■ **TASK TO CARRY OUT**
Below are some records. Print exactly the lines between the one holding "< norm ((z - of_nat" and the one holding "gchoose l) < cmod", inclusive, and nothing else.

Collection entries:
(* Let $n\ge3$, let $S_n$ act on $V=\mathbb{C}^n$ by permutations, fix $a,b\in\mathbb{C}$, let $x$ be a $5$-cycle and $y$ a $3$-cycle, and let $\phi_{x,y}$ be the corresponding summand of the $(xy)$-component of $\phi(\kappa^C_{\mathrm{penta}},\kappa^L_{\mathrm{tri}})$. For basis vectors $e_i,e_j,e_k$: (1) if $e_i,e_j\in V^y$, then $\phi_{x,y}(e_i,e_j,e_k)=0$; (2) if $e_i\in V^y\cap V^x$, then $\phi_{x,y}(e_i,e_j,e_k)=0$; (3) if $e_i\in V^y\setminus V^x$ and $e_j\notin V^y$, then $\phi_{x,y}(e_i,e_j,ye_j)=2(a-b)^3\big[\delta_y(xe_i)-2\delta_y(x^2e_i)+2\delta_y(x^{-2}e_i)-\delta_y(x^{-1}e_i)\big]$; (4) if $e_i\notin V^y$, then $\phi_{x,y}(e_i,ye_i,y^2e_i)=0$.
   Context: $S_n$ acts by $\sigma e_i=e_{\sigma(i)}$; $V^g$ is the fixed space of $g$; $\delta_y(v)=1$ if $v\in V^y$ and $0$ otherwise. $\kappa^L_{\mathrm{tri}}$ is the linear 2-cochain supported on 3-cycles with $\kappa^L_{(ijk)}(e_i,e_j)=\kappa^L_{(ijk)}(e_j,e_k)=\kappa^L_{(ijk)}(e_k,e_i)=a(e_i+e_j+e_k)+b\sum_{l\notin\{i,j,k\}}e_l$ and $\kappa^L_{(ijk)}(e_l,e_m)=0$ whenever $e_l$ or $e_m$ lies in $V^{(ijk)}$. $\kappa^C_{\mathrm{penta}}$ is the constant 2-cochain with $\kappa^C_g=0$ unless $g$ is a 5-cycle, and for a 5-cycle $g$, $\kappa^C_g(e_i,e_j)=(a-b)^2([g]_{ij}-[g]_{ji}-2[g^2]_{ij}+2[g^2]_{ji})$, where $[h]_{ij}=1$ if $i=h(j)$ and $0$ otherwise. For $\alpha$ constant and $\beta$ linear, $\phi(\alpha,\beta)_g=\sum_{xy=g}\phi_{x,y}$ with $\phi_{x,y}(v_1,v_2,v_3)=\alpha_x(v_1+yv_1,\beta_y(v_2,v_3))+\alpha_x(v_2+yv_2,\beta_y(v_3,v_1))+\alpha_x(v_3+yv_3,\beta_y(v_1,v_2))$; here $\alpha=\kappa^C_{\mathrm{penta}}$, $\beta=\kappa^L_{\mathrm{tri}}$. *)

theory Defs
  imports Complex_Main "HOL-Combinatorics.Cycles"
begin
---
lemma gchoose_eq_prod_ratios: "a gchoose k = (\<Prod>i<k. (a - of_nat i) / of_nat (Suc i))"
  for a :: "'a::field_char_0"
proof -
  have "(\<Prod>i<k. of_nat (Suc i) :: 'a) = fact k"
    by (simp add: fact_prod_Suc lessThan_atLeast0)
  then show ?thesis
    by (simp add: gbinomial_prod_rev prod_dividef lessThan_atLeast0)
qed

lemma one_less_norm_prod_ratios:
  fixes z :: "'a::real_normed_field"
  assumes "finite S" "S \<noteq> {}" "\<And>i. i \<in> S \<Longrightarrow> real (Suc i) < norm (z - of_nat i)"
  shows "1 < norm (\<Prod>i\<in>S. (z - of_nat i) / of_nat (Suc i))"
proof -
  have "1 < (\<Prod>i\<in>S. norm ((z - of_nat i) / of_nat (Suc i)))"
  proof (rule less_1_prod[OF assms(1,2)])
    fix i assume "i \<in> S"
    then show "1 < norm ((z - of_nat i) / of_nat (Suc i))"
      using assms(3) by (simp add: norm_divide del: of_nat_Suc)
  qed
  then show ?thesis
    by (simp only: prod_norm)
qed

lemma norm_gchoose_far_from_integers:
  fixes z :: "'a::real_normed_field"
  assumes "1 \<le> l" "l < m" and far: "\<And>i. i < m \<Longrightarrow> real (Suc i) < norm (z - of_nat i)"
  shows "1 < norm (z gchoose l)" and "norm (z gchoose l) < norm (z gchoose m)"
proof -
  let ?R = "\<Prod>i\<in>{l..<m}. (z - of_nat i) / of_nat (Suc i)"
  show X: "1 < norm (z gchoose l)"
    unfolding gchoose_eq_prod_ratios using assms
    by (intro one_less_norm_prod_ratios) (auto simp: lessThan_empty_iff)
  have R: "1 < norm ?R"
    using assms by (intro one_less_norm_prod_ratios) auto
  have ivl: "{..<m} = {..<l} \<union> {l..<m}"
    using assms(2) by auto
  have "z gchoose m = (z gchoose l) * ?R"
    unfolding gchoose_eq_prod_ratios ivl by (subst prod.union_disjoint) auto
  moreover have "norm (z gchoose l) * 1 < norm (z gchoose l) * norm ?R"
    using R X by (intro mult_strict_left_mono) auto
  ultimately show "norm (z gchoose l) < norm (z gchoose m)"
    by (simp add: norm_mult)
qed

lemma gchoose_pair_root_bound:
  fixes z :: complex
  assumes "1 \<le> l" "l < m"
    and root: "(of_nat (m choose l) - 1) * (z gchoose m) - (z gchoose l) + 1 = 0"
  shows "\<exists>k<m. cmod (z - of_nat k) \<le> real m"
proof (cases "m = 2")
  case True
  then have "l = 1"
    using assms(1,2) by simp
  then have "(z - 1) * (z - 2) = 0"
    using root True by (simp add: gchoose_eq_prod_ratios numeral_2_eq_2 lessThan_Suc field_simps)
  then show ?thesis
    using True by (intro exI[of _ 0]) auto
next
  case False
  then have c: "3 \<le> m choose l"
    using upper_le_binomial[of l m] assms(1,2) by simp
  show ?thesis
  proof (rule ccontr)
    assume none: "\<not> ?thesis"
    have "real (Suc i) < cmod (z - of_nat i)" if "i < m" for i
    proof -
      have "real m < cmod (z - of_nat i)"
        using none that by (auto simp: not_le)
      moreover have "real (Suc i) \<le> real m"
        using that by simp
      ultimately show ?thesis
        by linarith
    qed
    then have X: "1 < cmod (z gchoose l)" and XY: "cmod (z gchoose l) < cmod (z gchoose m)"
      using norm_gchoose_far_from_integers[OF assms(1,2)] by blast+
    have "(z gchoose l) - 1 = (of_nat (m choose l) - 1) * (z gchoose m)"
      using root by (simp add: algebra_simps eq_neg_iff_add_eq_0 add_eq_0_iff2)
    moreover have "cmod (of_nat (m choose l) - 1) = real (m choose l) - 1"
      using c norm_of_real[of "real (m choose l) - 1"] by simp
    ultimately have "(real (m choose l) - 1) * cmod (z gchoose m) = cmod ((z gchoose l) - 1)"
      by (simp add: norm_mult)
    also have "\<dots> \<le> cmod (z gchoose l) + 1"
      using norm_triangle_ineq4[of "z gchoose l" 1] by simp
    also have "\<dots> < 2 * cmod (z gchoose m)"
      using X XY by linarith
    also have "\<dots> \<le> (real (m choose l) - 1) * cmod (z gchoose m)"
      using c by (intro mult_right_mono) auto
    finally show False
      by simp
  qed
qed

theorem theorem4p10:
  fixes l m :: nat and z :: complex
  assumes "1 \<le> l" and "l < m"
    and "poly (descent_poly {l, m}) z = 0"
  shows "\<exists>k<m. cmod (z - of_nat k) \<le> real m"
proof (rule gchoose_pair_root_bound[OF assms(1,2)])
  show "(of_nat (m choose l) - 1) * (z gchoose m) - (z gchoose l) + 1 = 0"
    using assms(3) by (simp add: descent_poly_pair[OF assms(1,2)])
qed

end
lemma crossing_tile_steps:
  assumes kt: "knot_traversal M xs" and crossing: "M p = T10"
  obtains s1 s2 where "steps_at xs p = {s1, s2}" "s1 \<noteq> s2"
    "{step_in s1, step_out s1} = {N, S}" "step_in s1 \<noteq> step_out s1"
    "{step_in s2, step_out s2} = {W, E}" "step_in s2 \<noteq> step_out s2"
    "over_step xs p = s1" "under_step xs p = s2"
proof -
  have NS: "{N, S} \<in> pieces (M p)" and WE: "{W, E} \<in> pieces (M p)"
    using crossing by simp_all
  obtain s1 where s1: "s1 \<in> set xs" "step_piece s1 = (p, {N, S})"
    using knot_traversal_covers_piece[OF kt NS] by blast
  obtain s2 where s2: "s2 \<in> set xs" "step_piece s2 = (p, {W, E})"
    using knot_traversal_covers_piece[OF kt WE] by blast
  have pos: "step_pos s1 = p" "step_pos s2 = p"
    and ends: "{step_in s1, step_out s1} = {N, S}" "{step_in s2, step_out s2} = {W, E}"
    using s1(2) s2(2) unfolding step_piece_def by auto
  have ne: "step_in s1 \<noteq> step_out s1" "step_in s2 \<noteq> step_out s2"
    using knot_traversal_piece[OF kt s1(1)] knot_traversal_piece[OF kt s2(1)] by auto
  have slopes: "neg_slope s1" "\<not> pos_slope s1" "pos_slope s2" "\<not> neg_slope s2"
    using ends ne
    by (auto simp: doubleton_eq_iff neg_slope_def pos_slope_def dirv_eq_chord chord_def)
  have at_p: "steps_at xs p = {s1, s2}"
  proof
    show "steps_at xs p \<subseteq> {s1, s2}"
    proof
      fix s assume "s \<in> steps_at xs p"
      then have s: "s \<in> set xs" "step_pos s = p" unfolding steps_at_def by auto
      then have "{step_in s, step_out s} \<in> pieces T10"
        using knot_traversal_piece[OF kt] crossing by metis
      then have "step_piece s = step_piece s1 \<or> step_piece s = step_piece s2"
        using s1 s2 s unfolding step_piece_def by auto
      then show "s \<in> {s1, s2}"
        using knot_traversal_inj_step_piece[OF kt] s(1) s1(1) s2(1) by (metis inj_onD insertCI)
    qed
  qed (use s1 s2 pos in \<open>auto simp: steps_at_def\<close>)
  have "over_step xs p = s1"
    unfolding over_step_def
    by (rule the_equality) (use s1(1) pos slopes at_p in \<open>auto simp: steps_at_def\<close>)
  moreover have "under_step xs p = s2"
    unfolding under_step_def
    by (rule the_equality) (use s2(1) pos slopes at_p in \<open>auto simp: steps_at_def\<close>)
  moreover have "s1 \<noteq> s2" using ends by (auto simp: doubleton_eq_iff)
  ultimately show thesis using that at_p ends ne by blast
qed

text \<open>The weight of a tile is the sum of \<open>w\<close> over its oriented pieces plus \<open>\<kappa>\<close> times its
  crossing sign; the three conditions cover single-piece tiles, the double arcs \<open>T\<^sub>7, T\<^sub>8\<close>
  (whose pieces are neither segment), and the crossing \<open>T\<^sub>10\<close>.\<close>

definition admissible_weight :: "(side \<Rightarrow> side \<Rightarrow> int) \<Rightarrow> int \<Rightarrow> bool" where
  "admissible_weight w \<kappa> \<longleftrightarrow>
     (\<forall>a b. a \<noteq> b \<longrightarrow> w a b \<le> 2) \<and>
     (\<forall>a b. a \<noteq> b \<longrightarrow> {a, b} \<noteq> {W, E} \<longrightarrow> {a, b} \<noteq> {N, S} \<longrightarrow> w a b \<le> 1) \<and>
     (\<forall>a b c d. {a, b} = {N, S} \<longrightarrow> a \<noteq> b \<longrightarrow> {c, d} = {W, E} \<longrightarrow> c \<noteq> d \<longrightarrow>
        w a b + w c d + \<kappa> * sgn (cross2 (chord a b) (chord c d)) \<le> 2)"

■ **COMPLETED TASK**
    then show "1 < norm ((z - of_nat i) / of_nat (Suc i))"
      using assms(3) by (simp add: norm_divide del: of_nat_Suc)
  qed
  then show ?thesis
    by (simp only: prod_norm)
qed

lemma norm_gchoose_far_from_integers:
  fixes z :: "'a::real_normed_field"
  assumes "1 \<le> l" "l < m" and far: "\<And>i. i < m \<Longrightarrow> real (Suc i) < norm (z - of_nat i)"
  shows "1 < norm (z gchoose l)" and "norm (z gchoose l) < norm (z gchoose m)"
proof -
  let ?R = "\<Prod>i\<in>{l..<m}. (z - of_nat i) / of_nat (Suc i)"
  show X: "1 < norm (z gchoose l)"
    unfolding gchoose_eq_prod_ratios using assms
    by (intro one_less_norm_prod_ratios) (auto simp: lessThan_empty_iff)
  have R: "1 < norm ?R"
    using assms by (intro one_less_norm_prod_ratios) auto
  have ivl: "{..<m} = {..<l} \<union> {l..<m}"
    using assms(2) by auto
  have "z gchoose m = (z gchoose l) * ?R"
    unfolding gchoose_eq_prod_ratios ivl by (subst prod.union_disjoint) auto
  moreover have "norm (z gchoose l) * 1 < norm (z gchoose l) * norm ?R"
    using R X by (intro mult_strict_left_mono) auto
  ultimately show "norm (z gchoose l) < norm (z gchoose m)"
    by (simp add: norm_mult)
qed

lemma gchoose_pair_root_bound:
  fixes z :: complex
  assumes "1 \<le> l" "l < m"
    and root: "(of_nat (m choose l) - 1) * (z gchoose m) - (z gchoose l) + 1 = 0"
  shows "\<exists>k<m. cmod (z - of_nat k) \<le> real m"
proof (cases "m = 2")
  case True
  then have "l = 1"
    using assms(1,2) by simp
  then have "(z - 1) * (z - 2) = 0"
    using root True by (simp add: gchoose_eq_prod_ratios numeral_2_eq_2 lessThan_Suc field_simps)
  then show ?thesis
    using True by (intro exI[of _ 0]) auto
next
  case False
  then have c: "3 \<le> m choose l"
    using upper_le_binomial[of l m] assms(1,2) by simp
  show ?thesis
  proof (rule ccontr)
    assume none: "\<not> ?thesis"
    have "real (Suc i) < cmod (z - of_nat i)" if "i < m" for i
    proof -
      have "real m < cmod (z - of_nat i)"
        using none that by (auto simp: not_le)
      moreover have "real (Suc i) \<le> real m"
        using that by simp
      ultimately show ?thesis
        by linarith
    qed
    then have X: "1 < cmod (z gchoose l)" and XY: "cmod (z gchoose l) < cmod (z gchoose m)"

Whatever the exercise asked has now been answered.